As dietas ricas em gordura e proteína e pobre em carboidratos, induzir a cetose e acidose metabólica e são atraentes porque eles levam a uma perda de peso relativamente rápida. Esta perda inicial é devido à remoção dos líquidos está associada a uma menor ingestão de hidratos de carbono. Dentro de semanas, acompanhado de um afinamento, mas de forma mais lenta, porque a perda de peso começa a ser devido ao menor consumo total de energia, ou seja, comer menos. Ajuda você a comer menos diminuição do apetite causada pela cetose e algumas dietas adicionadas a esta outras restrições, como não ser capaz de tomar o fruto depois de uma refeição.

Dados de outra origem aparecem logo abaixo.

(* Let $\gamma<1$ and suppose that $$\lim_{x\uparrow\infty}\frac{u_0'(x)}{x^{\gamma-1}}=1.$$ Then, for each $t_0\ge 0$, $$\lim_{x\uparrow\infty} r_x(x,t_0)=\frac{1}{1-\gamma}.$$
   Context: Let $\mu$ be a nonzero finite positive Borel measure on $(0,\infty)$ such that $\int y e^{yz}\mu(dy)<\infty$ for every $z\in\mathbb{R}$. Define $h(z,t):=\int e^{yz-\frac12 y^2 t}\mu(dy)$ for $(z,t)\in\mathbb{R}\times[0,\infty)$. For each $t$, the map $z\mapsto h(z,t)$ is smooth and strictly increasing with range $(0,\infty)$. Let $h^{(-1)}(x,t)$ denote its inverse in $z$. Let $u:(0,\infty)\times[0,\infty)\to\mathbb{R}$ be smooth, strictly increasing and strictly concave in $x$, solving $u_t=\frac12 u_x^2/u_{xx}$, and related to $h$ by $u_x(h(z,t),t)=e^{-z+t/2}$ for all $(z,t)$. Write $u_0(x):=u(x,0)$. The risk tolerance function is $r(x,t):=-u_x(x,t)/u_{xx}(x,t)$. Equivalently, $r(x,t)=h_z(h^{(-1)}(x,t),t)$, and $r_x$ denotes its partial derivative in $x$. *)

theory Defs
  imports "HOL-Analysis.Analysis" "HOL-Probability.Probability"
begin

definition hfun :: "real measure \<Rightarrow> real \<Rightarrow> real \<Rightarrow> real" where
  "hfun \<mu> z t = (\<integral>y. exp (y * z - (1/2) * y\<^sup>2 * t) \<partial>\<mu>)"

definition dx :: "(real \<Rightarrow> real \<Rightarrow> real) \<Rightarrow> real \<Rightarrow> real \<Rightarrow> real" where
  "dx u x t = deriv (\<lambda>y. u y t) x"

definition risk_tol :: "(real \<Rightarrow> real \<Rightarrow> real) \<Rightarrow> real \<Rightarrow> real \<Rightarrow> real" where
  "risk_tol u x t = - dx u x t / dx (dx u) x t"

definition strictly_concave_on :: "real set \<Rightarrow> (real \<Rightarrow> real) \<Rightarrow> bool" where
  "strictly_concave_on S f \<longleftrightarrow> convex S \<and>
     (\<forall>x\<in>S. \<forall>y\<in>S. x \<noteq> y \<longrightarrow> (\<forall>a. 0 < a \<and> a < 1 \<longrightarrow>
        f ((1 - a) * x + a * y) > (1 - a) * f x + a * f y))"

end

theory Submission
  imports Defs "HOL-Real_Asymp.Real_Asymp"
begin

Em publicada recentemente no New England Journal of Medicine artigos sobre os efeitos de uma alta proteína, dieta pobre em carboidratos em comparação com uma dieta de baixa gordura na perda de peso e alguns fatores de risco cardiovasculares são avaliados: pressão arterial, diabetes, colesterol e triglicérides e resistência à insulina. Estes estudos, respectivamente, incluindo 120 e 132 pacientes com obesidade mórbida. 39% dos participantes tinham diabetes e 43% tinham síndrome metabólica, caracterizada pela associação de obesidade, diabetes, resistência à insulina, pressão alta, colesterol alto ruim, diminuem o bom colesterol e ácido úrico elevado.